Nonetheless Taku is getting nowhere. He was naive to think he might make money with Uber Eats. But achieving solvency becomes all the more impossible because the work is so exhausting and lonely he repeatedly gives way to the temptation to take time off. He goes to a cheap hotel and stays there for days making no money. Later he learns of a program for the needy where cheap food and lodging are available. He avails himself of this and again stops working. Why is it located on the edge of town? Because, we learn, all the poor ad homeless people were moved out there for the Tokyo Olympics.

Taku is basically alone, but when he runs into people he always records the encounters. On a park bench he runs into a rather dashing small-time movie actor who describes his not very lucrative life. Another time he meets an old lady sitting in a town square who has lived in Tokyo since before World War II. She describes the War as very stupid and explains that Tokyo was razed to the ground then. Taku remarks later that it is razed to the ground again.

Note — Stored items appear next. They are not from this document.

lemma has_integral_conv_power_terms:
  fixes c :: "'i \<Rightarrow> complex" and n :: "'i \<Rightarrow> nat" and d :: "nat \<Rightarrow> complex"
    and A B \<nu> :: complex and t :: real
  assumes I: "countable I" "I \<noteq> {}"
    and pos: "Re A > 0" "Re B > 0" "Re \<nu> > 0" "t > 0"
    and c: "(\<lambda>i. norm (c i) * t powr (Re \<nu> * real (n i))) summable_on I"
    and d: "(\<lambda>m. norm (d m) * t powr (Re \<nu> * real m)) summable_on UNIV"
  shows "((\<lambda>x. \<Sum>\<^sub>\<infinity>(i, m)\<in>I \<times> UNIV. c i * complex_of_real (t - x) powr (\<nu> * of_nat (n i) + A - 1)
                                    * (d m * complex_of_real x powr (\<nu> * of_nat m + B - 1)))
          has_integral (\<Sum>\<^sub>\<infinity>(i, m)\<in>I \<times> UNIV. c i * d m * Beta (\<nu> * of_nat (n i) + A) (\<nu> * of_nat m + B)
                                    * complex_of_real t powr (\<nu> * of_nat (n i + m) + (A + B) - 1))) {0..t}"
    and "(\<lambda>(i, m). c i * d m * Beta (\<nu> * of_nat (n i) + A) (\<nu> * of_nat m + B)
                    * complex_of_real t powr (\<nu> * of_nat (n i + m) + (A + B) - 1)) summable_on I \<times> UNIV"
proof -
  define g where "g p x = (case p of (i, m) \<Rightarrow> c i * complex_of_real (t - x) powr (\<nu> * of_nat (n i) + A - 1)
                            * (d m * complex_of_real x powr (\<nu> * of_nat m + B - 1)))" for p x
  define T where "T = (\<lambda>(i, m). c i * d m * Beta (\<nu> * of_nat (n i) + A) (\<nu> * of_nat m + B)
                            * complex_of_real t powr (\<nu> * of_nat (n i + m) + (A + B) - 1))"
  define u where "u i = norm (c i) * t powr (Re \<nu> * real (n i))" for i
  define v where "v m = norm (d m) * t powr (Re \<nu> * real m)" for m
  define w where "w x = (t - x) powr (Re A - 1) * x powr (Re B - 1)" for x
  define U where "U = (\<Sum>\<^sub>\<infinity>(i, m)\<in>I \<times> UNIV. u i * v m)"
  have uv: "(\<lambda>(i, m). u i * v m) summable_on I \<times> UNIV"
    using c d by (intro summable_on_times_nonneg) (simp_all add: u_def [abs_def] v_def [abs_def])
  have dominated: "(\<Sum>p\<in>P. norm (g p x)) \<le> U * w x" if "x \<in> {0..t}" "finite P" "P \<subseteq> I \<times> UNIV" for x P
  proof -
    have "norm (g (i, m) x) \<le> (u i * (t - x) powr (Re A - 1)) * (v m * x powr (Re B - 1))" for i m
      unfolding g_def prod.case norm_mult [of "_ * _"] u_def v_def
      using that pos by (intro mult_mono norm_powr_term_le) auto
    then have "norm (g p x) \<le> u (fst p) * v (snd p) * w x" for p
      by (cases p) (simp add: w_def mult_ac)
    then have "(\<Sum>p\<in>P. norm (g p x)) \<le> (\<Sum>p\<in>P. u (fst p) * v (snd p) * w x)"
      by (rule sum_mono)
    also have "\<dots> = (\<Sum>(i, m)\<in>P. u i * v m) * w x"
      by (simp add: sum_distrib_right case_prod_beta)
    also have "\<dots> \<le> U * w x"
      unfolding U_def using that uv
      by (intro mult_right_mono finite_sum_le_infsum) (auto simp: w_def u_def v_def)
    finally show ?thesis .
  qed
  have "((\<lambda>x. U * w x) has_integral U * (t powr (Re A + Re B - 1) * Beta (Re A) (Re B))) {0..t}"
    unfolding w_def using has_integral_Beta_kernel_real[of "Re A" "Re B" t] pos
    by (intro has_integral_mult_right) simp
  then have h_int: "(\<lambda>x. U * w x) integrable_on {0..t}"
    by blast
  have Re_pos: "Re (\<nu> * of_nat k + A) > 0" "Re (\<nu> * of_nat k + B) > 0" for k
    using pos by (simp_all add: add_nonneg_pos)
  have g_abs: "g p absolutely_integrable_on {0..t}" for p
  proof (cases p)
    case (Pair i m)
    with has_integral_conv_powr(2)[OF Re_pos(1)[of "n i"] Re_pos(2)[of m] pos(4), of "c i" "d m"] show ?thesis
      by (simp add: g_def [abs_def])
  qed
  have integral_g: "integral {0..t} (g p) = T p" for p
  proof (cases p)
    case (Pair i m)
    have "(\<nu> * of_nat (n i) + A) + (\<nu> * of_nat m + B) - 1 = \<nu> * of_nat (n i + m) + (A + B) - 1"
      by (simp add: algebra_simps)
    with has_integral_conv_powr(1)[OF Re_pos(1)[of "n i"] Re_pos(2)[of m] pos(4), of "c i" "d m"] show ?thesis
      unfolding Pair g_def [abs_def] T_def prod.case by (intro integral_unique) simp
  qed
  have "countable (I \<times> (UNIV :: nat set))" "infinite (I \<times> (UNIV :: nat set))"
    using I by (auto simp: countable_SIGMA dest: finite_cartesian_productD2)
  from has_integral_infsum_dominated[OF this g_abs h_int dominated]
  show "((\<lambda>x. \<Sum>\<^sub>\<infinity>(i, m)\<in>I \<times> UNIV. c i * complex_of_real (t - x) powr (\<nu> * of_nat (n i) + A - 1)
                                    * (d m * complex_of_real x powr (\<nu> * of_nat m + B - 1)))
          has_integral (\<Sum>\<^sub>\<infinity>(i, m)\<in>I \<times> UNIV. c i * d m * Beta (\<nu> * of_nat (n i) + A) (\<nu> * of_nat m + B)
                                    * complex_of_real t powr (\<nu> * of_nat (n i + m) + (A + B) - 1))) {0..t}"
    unfolding integral_g by (simp only: T_def g_def)
  from summable_norm_integral_dominated[OF g_abs h_int dominated]
  show "(\<lambda>(i, m). c i * d m * Beta (\<nu> * of_nat (n i) + A) (\<nu> * of_nat m + B)
                    * complex_of_real t powr (\<nu> * of_nat (n i + m) + (A + B) - 1)) summable_on I \<times> UNIV"
    unfolding integral_g T_def [symmetric] by (rule abs_summable_summable)
qed

lemma has_sum_conv_power_series:
  fixes c :: "'i \<Rightarrow> complex" and n :: "'i \<Rightarrow> nat" and d :: "nat \<Rightarrow> complex"
    and A B \<nu> :: complex and F G :: "real \<Rightarrow> complex" and t :: real
  assumes I: "countable I" "I \<noteq> {}"
    and pos: "Re A > 0" "Re B > 0" "Re \<nu> > 0" "t > 0"
    and F: "\<And>s. s > 0 \<Longrightarrow> ((\<lambda>i. c i * complex_of_real s powr (\<nu> * of_nat (n i) + A - 1)) has_sum F s) I"
    and G: "\<And>s. s > 0 \<Longrightarrow> ((\<lambda>m. d m * complex_of_real s powr (\<nu> * of_nat m + B - 1)) has_sum G s) UNIV"
    and c: "(\<lambda>i. norm (c i) * t powr (Re \<nu> * real (n i))) summable_on I"
    and d: "(\<lambda>m. norm (d m) * t powr (Re \<nu> * real m)) summable_on UNIV"
  shows "((\<lambda>(i, m). c i * d m * Beta (\<nu> * of_nat (n i) + A) (\<nu> * of_nat m + B)
                    * complex_of_real t powr (\<nu> * of_nat (n i + m) + (A + B) - 1)) has_sum conv F G t) (I \<times> UNIV)"
proof -
  note termwise = has_integral_conv_power_terms[OF I pos c d]
  have "(\<Sum>\<^sub>\<infinity>(i, m)\<in>I \<times> UNIV. c i * complex_of_real (t - x) powr (\<nu> * of_nat (n i) + A - 1)
                           * (d m * complex_of_real x powr (\<nu> * of_nat m + B - 1))) = F (t - x) * G x"
    if x: "x \<in> {0<..<t}" for x
  proof -
    have "F (t - x) = (\<Sum>\<^sub>\<infinity>i\<in>I. c i * complex_of_real (t - x) powr (\<nu> * of_nat (n i) + A - 1))"
      "G x = (\<Sum>\<^sub>\<infinity>m\<in>UNIV. d m * complex_of_real x powr (\<nu> * of_nat m + B - 1))"
      using F[of "t - x"] G[of x] x by (simp_all add: infsumI)
    moreover have "(\<lambda>i. norm (c i * complex_of_real (t - x) powr (\<nu> * of_nat (n i) + A - 1))) summable_on I"
      "(\<lambda>m. norm (d m * complex_of_real x powr (\<nu> * of_nat m + B - 1))) summable_on UNIV"
      using x pos summable_norm_powr_terms[OF _ _ _ c, where s = "t - x" and A = A]
        summable_norm_powr_terms[OF _ _ _ d, where s = x and A = B]
      by auto
    ultimately show ?thesis
      by (simp add: infsumI has_sum_times_product)
  qed
  with termwise(1)
  have "((\<lambda>x. F (t - x) * G x) has_integral (\<Sum>\<^sub>\<infinity>(i, m)\<in>I \<times> UNIV. c i * d m * Beta (\<nu> * of_nat (n i) + A) (\<nu> * of_nat m + B)
                                    * complex_of_real t powr (\<nu> * of_nat (n i + m) + (A + B) - 1))) {0<..<t}"
    unfolding has_integral_Icc_iff_Ioo by (rule has_integral_eq[rotated]) simp
  then have "conv F G t = (\<Sum>\<^sub>\<infinity>(i, m)\<in>I \<times> UNIV. c i * d m * Beta (\<nu> * of_nat (n i) + A) (\<nu> * of_nat m + B)
                                    * complex_of_real t powr (\<nu> * of_nat (n i + m) + (A + B) - 1))"
    unfolding conv_def has_integral_Icc_iff_Ioo [symmetric] by (rule integral_unique)
  with termwise(2) show ?thesis
    by (simp add: has_sum_infsum)
qed

lemma summable_norm_Beta_coeffs:
  fixes c :: "'i \<Rightarrow> complex" and n :: "'i \<Rightarrow> nat" and d :: "nat \<Rightarrow> complex"
    and A B \<nu> :: complex and t :: real
  assumes pos: "Re A > 0" "Re B > 0" "Re \<nu> > 0" "t > 0"
    and c: "(\<lambda>i. norm (c i) * t powr (Re \<nu> * real (n i))) summable_on I"
    and d: "(\<lambda>m. norm (d m) * t powr (Re \<nu> * real m)) summable_on UNIV"
  shows "(\<lambda>(i, m). norm (c i * d m * Beta (\<nu> * of_nat (n i) + A) (\<nu> * of_nat m + B))
                    * t powr (Re \<nu> * real (n i + m))) summable_on (I \<times> UNIV)"
proof (rule summable_on_comparison_test)
  show "(\<lambda>(i, m). norm (c i) * t powr (Re \<nu> * real (n i)) * (norm (d m) * t powr (Re \<nu> * real m))
          * Beta (Re A) (Re B)) summable_on I \<times> UNIV"
    using summable_on_cmult_left[OF summable_on_times_nonneg[OF c d]] by (simp add: case_prod_beta')
  fix p :: "'i \<times> nat"
  obtain i m where p: "p = (i, m)"
    by fastforce
  have Re_le: "Re A \<le> Re (\<nu> * of_nat (n i) + A)" "Re B \<le> Re (\<nu> * of_nat m + B)"
    using pos by simp_all
  have "norm (Beta (\<nu> * of_nat (n i) + A) (\<nu> * of_nat m + B))
      \<le> Beta (Re (\<nu> * of_nat (n i) + A)) (Re (\<nu> * of_nat m + B))"
    using pos by (intro norm_Beta_le) (simp_all add: add_nonneg_pos)
  also have "\<dots> \<le> Beta (Re A) (Re B)"
    using pos Re_le by (intro Beta_real_mono) simp_all
  finally have Beta_le: "norm (Beta (\<nu> * of_nat (n i) + A) (\<nu> * of_nat m + B)) \<le> Beta (Re A) (Re B)" .
  have "norm (c i * d m * Beta (\<nu> * of_nat (n i) + A) (\<nu> * of_nat m + B)) * t powr (Re \<nu> * real (n i + m))
      = norm (c i) * norm (d m) * t powr (Re \<nu> * real (n i + m)) * norm (Beta (\<nu> * of_nat (n i) + A) (\<nu> * of_nat m + B))"
    by (simp add: norm_mult mult_ac)
  also have "\<dots> \<le> norm (c i) * norm (d m) * t powr (Re \<nu> * real (n i + m)) * Beta (Re A) (Re B)"
    by (rule mult_left_mono[OF Beta_le]) simp
  also have "\<dots> = norm (c i) * t powr (Re \<nu> * real (n i)) * (norm (d m) * t powr (Re \<nu> * real m))
                      * Beta (Re A) (Re B)"
    by (simp add: powr_add [symmetric] distrib_left)
  finally show "(case p of (i, m) \<Rightarrow> norm (c i * d m * Beta (\<nu> * of_nat (n i) + A) (\<nu> * of_nat m + B))
                    * t powr (Re \<nu> * real (n i + m)))
      \<le> (case p of (i, m) \<Rightarrow> norm (c i) * t powr (Re \<nu> * real (n i)) * (norm (d m) * t powr (Re \<nu> * real m))
          * Beta (Re A) (Re B))"
    by (simp only: p prod.case)
qed (auto simp: case_prod_beta)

He refers to the stifling of much of the city's life by the Covid-19 lockdown, which he also records, including Prime Minister Abe's declarations, because everything is closed. Taku recites a litany of all the things that are closed or not in operation. But he records how some things are, like his relative who administers personal workouts via Zoom; and he notes that people in high rises order Uber food a lot, giving him and his drone colleagues plenty to do. He also notes the various classes of lockdown people, those unaffected, those who benefit, and those who are badly affected. It's also mentioned how the ever-growing number of hikikomori, Japanese recluses, has been boosted and reclusiveness even shifted to the general population by the lockdown, as it was in other parts of the world.

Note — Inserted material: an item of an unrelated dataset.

(* Let $\preceq$ be a preorder on a set $\mathcal{X}$ and let $k\ge1$ be an integer. Let $\mathcal{F}\subseteq\{0,\dots,k\}^{\mathcal{X}}$ be a class of functions with $\mathrm{fat}^o_2(\mathcal{F},\mathcal{X})=d$. Then for any $n>d$ and any ordered $\mathcal{X}$-valued tree $\mathbf{x}$ of depth $n$, $$\mathcal{N}_\infty(\mathcal{F},1/2,\mathbf{x})\le\sum_{i=0}^d\binom ni k^i.$$ Hence, for a class $\mathcal{G}\subseteq[-1,1]^{\mathcal{X}}$, for any $\beta>0$ and any ordered $\mathcal{X}$-valued tree $\mathbf{x}$ of depth $n$, $$\mathcal{N}_\infty(\mathcal{G},\beta,\mathbf{x})\le\Big(\frac{2en}{\beta}\Big)^{\mathrm{fat}^o_\beta(\mathcal{G},\mathcal{X})}.$$
   Context: A preorder is a reflexive, transitive binary relation. An $\mathcal{X}$-valued tree of depth $n$ is a sequence of maps $\mathbf{x}_t:\{0,1\}^{t-1}\to\mathcal{X}$, $t=1,\dots,n$, with $\mathbf{x}_t(y)=\mathbf{x}_t(y_1,\dots,y_{t-1})$ for $y\in\{0,1\}^n$. It is ordered if for every $y\in\{0,1\}^n$, $\mathbf{x}_t(y)\preceq\mathbf{x}_{t+1}(y)$ for all $t=1,\dots,n-1$. For $\mathcal{X}'\subseteq\mathcal{X}$, a class $\mathcal{F}\subseteq\mathbb{R}^{\mathcal{X}}$ shatters at scale $\beta>0$ an ordered $\mathcal{X}'$-valued tree $\mathbf{x}$ of depth $d$ if there is an $\mathbb{R}$-valued witness tree $\mathbf{s}$ of depth $d$ such that for every $y\in\{0,1\}^d$ there exists $f\in\mathcal{F}$ with $(2y_t-1)(f(\mathbf{x}_t(y))-\mathbf{s}_t(y))\ge\beta/2$ for all $t$; $\mathrm{fat}^o_\beta(\mathcal{F},\mathcal{X}')$ is the largest depth of an ordered $\mathcal{X}'$-valued tree shattered at scale $\beta$. A set $V$ of $\mathbb{R}$-valued trees of depth $n$ is a sequential $\gamma$-cover (in $\ell_\infty$) of $\mathcal{F}$ on $\mathbf{x}$ if for every $f\in\mathcal{F}$ and every $y\in\{0,1\}^n$ there is $\mathbf{v}\in V$ with $\max_t|\mathbf{v}_t(y)-f(\mathbf{x}_t(y))|\le\gamma$; $\mathcal{N}_\infty(\mathcal{F},\gamma,\mathbf{x})$ is the size of the smallest such cover. *)

theory Defs
  imports "HOL-Analysis.Analysis" "HOL-Library.Extended_Nat"
begin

While Tokyo Uber Blues may appeal only to a few due to its repetitive material and introverted viewpoint, it is many things. It's a memorable display of do-it-yourself filmmaking; a portrait of a young loser trying to turn his life around. It can also be seen as an unusual pursuit of physical fitness: some of the bike rides are hard workouts and Taku is obviously, despite his periods of inertia, in pretty good shape. This is also, overall, a portrait of Tokyo under Covid lockdown. Often the night images are rather poetic; briefly very much so. In one passage Taku films Tokyo by night, empty, while chanting words associated with the whole strange Covid period: thus he rises from the mundane to the poetic. Only a young person could have done this job (even though he's sometimes lazy at it). Sarah G. Vincent, in a review, points out how the film imagery and editing, i.e., the use of Screen-casting of texts with memes, the use of split screens and intercut videos to present information, as well as the fluency of the GoPro camera mounting and shooting with iPhone camera, all show this to be very clearly younger generation filmmaking. Will he branch out and become a Japanese Sean Baker?

Tokyo Uber Blues, 東京自転車節 (Tôkyô jitensha-bushi), 93 mins., debuted Jul. 10, 2021 at Watch Docs Film Festival in POland. A version edited down to 50 mins. showed on the P.O.V. PBS series Oct. 21, 2024. Taku Aoyagi was born in Yamanashi Prefecture in 1993, studied at the Japan Institute of the Moving Image. In 2018, he premiered his 47-minute graduation film The Road He Walks: A Story of He0Kun (2017 / NC ’18) internationally at Nippon Connection. Tokyo Uber Blues, (2022 / NC ’23) is his first feature-length documentary.